=== Task prompt ===
Whenever a line below includes "rule", add it to the tally, then give the total and nothing more.

-=-=-=-=-

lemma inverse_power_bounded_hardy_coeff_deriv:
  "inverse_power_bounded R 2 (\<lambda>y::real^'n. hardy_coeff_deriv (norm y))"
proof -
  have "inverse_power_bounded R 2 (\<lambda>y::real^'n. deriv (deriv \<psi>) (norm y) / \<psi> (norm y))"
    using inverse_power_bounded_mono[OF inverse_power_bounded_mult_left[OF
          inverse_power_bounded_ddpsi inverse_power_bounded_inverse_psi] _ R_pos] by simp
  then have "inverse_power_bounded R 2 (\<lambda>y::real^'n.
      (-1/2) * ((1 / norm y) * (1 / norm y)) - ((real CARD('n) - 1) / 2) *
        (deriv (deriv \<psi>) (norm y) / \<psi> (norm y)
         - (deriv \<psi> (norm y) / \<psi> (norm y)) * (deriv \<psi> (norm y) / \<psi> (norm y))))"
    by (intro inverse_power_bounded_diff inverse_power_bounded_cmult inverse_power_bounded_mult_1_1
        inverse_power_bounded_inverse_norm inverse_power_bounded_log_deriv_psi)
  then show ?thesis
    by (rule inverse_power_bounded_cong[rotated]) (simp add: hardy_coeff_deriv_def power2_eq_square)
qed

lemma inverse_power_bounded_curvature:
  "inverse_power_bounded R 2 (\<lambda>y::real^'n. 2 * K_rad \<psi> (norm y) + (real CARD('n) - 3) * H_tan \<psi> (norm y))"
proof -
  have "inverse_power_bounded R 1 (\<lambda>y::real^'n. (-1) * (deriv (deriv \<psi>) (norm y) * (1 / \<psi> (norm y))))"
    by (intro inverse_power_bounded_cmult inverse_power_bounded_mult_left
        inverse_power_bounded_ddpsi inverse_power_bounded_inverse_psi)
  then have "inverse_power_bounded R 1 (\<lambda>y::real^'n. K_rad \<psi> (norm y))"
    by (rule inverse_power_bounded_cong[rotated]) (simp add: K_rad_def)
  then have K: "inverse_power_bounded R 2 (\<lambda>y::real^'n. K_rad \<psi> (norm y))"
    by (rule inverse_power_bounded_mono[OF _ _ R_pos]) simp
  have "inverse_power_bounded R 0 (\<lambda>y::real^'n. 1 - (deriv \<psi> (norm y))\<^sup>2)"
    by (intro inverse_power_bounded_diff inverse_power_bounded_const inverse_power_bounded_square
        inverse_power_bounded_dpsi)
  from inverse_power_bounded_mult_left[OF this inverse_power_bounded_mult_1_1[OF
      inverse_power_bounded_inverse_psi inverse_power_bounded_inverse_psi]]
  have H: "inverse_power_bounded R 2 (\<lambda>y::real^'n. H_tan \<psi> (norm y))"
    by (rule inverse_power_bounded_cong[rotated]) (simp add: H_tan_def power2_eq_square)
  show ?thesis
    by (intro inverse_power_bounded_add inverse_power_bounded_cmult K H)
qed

-=-=-=-=-

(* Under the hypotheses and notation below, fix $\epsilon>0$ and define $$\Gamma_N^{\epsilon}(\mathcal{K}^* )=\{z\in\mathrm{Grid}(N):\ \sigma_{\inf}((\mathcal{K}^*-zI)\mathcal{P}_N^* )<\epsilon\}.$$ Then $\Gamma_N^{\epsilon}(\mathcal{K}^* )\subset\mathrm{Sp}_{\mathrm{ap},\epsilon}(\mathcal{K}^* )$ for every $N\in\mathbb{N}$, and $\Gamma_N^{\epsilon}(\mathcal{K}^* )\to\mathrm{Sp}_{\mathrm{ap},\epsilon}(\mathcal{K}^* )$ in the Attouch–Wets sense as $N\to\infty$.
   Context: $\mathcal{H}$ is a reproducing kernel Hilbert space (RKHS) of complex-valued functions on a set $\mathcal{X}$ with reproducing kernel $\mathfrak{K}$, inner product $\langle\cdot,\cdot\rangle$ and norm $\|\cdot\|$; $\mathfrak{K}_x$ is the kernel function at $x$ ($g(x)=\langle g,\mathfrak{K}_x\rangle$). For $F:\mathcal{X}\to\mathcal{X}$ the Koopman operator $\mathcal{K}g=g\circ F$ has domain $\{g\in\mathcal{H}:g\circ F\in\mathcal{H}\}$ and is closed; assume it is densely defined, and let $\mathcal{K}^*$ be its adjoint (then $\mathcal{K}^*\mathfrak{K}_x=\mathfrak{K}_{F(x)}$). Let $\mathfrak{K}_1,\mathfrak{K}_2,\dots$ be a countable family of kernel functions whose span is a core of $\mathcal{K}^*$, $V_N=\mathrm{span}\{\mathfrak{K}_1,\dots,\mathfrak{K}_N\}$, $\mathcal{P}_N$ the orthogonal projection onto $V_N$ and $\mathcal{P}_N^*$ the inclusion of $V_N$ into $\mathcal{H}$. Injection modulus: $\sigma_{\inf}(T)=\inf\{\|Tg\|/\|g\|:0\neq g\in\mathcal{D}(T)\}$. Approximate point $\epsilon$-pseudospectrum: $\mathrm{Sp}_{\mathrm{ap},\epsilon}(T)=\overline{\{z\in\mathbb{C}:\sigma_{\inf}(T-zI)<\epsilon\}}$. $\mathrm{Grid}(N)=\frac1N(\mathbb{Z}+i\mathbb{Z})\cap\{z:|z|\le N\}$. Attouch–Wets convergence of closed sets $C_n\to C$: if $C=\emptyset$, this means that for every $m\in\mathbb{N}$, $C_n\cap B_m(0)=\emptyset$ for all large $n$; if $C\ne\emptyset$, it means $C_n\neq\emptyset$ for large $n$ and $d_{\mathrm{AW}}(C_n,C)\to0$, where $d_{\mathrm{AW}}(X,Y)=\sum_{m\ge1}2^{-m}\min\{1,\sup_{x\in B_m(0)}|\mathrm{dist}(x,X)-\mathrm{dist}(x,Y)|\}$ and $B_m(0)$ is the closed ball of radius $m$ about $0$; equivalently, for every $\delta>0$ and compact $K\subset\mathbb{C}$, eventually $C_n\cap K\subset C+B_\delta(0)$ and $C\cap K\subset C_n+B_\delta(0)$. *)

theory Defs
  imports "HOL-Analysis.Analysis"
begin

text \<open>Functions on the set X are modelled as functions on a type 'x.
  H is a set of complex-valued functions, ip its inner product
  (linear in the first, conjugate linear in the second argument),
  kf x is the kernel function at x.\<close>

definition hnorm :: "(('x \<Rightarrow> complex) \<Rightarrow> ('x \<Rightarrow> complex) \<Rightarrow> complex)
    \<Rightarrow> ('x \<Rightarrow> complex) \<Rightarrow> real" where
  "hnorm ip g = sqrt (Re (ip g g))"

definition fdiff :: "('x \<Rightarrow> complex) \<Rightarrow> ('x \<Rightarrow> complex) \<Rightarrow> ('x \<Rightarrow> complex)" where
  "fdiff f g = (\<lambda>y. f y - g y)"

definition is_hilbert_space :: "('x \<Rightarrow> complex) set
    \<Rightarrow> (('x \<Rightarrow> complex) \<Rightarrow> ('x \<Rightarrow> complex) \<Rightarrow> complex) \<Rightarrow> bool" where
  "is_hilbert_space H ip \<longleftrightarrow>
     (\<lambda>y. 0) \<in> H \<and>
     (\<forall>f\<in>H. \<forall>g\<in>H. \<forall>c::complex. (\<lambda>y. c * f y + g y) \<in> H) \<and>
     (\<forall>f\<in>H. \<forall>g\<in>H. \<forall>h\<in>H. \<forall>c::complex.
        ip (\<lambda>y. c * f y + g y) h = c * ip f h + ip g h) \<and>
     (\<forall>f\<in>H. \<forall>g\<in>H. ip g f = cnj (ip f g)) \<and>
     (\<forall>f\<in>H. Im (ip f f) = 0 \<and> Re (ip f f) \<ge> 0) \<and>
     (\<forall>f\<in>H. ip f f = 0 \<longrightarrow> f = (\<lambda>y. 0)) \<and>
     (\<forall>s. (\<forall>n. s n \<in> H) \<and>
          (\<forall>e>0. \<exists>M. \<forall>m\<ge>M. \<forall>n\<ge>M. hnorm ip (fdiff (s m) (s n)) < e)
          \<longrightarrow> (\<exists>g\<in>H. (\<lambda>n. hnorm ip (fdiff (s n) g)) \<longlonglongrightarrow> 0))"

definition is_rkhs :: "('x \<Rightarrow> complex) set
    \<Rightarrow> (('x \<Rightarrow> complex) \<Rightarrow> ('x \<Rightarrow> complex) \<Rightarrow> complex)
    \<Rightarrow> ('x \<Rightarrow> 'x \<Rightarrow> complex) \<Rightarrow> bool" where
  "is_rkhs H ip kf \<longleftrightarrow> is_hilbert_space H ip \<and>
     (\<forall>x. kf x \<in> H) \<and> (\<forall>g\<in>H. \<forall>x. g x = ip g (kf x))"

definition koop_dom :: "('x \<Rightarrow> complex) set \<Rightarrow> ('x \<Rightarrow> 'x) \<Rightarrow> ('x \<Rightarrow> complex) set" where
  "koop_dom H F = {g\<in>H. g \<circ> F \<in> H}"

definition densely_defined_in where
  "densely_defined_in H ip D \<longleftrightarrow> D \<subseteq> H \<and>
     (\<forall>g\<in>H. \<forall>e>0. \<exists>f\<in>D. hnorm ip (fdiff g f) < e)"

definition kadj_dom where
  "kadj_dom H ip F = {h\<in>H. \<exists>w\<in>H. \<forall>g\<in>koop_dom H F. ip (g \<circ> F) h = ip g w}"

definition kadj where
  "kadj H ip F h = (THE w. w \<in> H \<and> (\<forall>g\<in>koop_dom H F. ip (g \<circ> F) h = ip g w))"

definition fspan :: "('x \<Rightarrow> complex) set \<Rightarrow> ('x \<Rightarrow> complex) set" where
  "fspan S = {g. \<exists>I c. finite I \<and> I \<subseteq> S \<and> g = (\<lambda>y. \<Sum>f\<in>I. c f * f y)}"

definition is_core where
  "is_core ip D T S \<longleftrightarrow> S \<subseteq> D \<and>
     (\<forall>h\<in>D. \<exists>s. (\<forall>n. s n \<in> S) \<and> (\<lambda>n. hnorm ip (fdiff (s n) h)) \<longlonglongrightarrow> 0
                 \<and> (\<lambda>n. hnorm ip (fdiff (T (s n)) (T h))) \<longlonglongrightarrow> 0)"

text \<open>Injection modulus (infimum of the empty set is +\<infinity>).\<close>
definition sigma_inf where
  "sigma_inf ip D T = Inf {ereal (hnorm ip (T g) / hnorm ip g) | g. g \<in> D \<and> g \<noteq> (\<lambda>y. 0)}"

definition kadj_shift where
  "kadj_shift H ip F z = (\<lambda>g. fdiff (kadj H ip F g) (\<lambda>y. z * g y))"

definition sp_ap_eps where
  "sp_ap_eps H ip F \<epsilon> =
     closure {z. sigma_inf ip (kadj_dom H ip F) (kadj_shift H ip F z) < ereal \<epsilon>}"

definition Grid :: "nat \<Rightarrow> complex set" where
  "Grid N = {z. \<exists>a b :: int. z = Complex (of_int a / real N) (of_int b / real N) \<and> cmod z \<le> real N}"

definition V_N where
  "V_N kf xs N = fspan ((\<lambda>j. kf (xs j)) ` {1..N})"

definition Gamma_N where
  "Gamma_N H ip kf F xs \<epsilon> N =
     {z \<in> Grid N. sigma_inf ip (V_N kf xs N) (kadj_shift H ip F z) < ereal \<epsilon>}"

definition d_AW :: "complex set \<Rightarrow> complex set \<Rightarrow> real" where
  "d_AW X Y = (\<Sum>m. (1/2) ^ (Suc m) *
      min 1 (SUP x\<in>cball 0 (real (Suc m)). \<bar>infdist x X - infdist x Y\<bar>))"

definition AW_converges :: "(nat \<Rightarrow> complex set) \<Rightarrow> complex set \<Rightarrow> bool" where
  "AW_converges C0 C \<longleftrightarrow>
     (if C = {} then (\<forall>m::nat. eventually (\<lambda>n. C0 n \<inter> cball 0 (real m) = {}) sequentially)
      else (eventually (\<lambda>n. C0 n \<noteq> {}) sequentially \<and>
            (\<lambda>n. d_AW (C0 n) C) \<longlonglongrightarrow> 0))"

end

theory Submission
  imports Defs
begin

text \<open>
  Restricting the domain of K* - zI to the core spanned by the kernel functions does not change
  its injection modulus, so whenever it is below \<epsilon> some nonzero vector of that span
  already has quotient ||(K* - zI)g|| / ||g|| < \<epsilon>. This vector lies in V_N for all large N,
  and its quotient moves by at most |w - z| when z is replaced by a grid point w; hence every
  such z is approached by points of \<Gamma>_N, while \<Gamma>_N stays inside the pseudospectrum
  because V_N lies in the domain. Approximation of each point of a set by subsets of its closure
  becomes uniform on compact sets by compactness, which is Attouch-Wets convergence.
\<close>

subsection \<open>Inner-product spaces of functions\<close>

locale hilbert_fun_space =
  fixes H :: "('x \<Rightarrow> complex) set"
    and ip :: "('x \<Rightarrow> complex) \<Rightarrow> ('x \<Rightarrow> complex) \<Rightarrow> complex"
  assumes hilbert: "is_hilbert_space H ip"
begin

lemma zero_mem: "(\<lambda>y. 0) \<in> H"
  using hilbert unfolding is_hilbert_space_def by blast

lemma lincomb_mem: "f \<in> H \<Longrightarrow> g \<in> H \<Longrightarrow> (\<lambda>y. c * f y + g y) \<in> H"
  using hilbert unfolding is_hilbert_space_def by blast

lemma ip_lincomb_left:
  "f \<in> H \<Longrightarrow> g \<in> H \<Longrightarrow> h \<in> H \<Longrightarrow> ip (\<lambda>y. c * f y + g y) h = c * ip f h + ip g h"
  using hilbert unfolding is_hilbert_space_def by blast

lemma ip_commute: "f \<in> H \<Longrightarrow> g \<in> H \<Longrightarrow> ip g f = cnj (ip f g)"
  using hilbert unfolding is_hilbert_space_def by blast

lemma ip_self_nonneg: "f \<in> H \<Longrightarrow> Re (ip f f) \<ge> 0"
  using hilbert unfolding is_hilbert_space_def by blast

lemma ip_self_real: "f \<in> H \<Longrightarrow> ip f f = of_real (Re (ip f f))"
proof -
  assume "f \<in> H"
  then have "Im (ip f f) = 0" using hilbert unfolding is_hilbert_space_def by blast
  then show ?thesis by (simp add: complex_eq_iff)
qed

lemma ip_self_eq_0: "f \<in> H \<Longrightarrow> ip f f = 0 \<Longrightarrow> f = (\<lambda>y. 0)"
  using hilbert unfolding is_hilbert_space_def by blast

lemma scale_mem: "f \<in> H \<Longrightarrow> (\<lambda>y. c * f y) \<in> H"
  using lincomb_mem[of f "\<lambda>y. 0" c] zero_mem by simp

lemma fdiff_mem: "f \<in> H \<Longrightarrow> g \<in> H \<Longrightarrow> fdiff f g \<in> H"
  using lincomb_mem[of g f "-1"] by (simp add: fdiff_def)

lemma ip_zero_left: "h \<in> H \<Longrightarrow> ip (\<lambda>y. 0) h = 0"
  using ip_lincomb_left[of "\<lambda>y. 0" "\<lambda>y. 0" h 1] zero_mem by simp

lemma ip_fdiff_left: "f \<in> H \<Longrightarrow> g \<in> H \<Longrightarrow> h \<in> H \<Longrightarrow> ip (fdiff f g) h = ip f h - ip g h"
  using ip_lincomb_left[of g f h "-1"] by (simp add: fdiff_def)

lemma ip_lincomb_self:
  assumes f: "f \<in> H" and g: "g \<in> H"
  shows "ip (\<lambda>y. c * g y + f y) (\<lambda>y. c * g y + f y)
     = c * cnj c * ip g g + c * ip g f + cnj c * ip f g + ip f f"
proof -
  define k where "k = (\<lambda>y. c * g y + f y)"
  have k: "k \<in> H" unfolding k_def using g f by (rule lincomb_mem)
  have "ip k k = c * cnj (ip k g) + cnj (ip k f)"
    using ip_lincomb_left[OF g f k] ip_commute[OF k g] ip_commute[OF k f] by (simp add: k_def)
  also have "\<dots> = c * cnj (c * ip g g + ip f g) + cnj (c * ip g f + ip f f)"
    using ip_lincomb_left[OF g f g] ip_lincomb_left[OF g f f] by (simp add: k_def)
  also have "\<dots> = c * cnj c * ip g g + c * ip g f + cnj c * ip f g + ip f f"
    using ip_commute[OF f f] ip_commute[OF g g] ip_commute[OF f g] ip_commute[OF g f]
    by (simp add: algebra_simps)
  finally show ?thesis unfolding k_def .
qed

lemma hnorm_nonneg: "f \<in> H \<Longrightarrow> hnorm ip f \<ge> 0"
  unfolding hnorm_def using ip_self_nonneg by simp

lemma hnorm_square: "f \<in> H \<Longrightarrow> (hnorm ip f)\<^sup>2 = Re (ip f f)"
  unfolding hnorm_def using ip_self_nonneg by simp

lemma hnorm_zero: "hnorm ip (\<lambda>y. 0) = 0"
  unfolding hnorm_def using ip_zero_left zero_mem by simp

-=-=-=-=-

=== Answer to this problem ===
5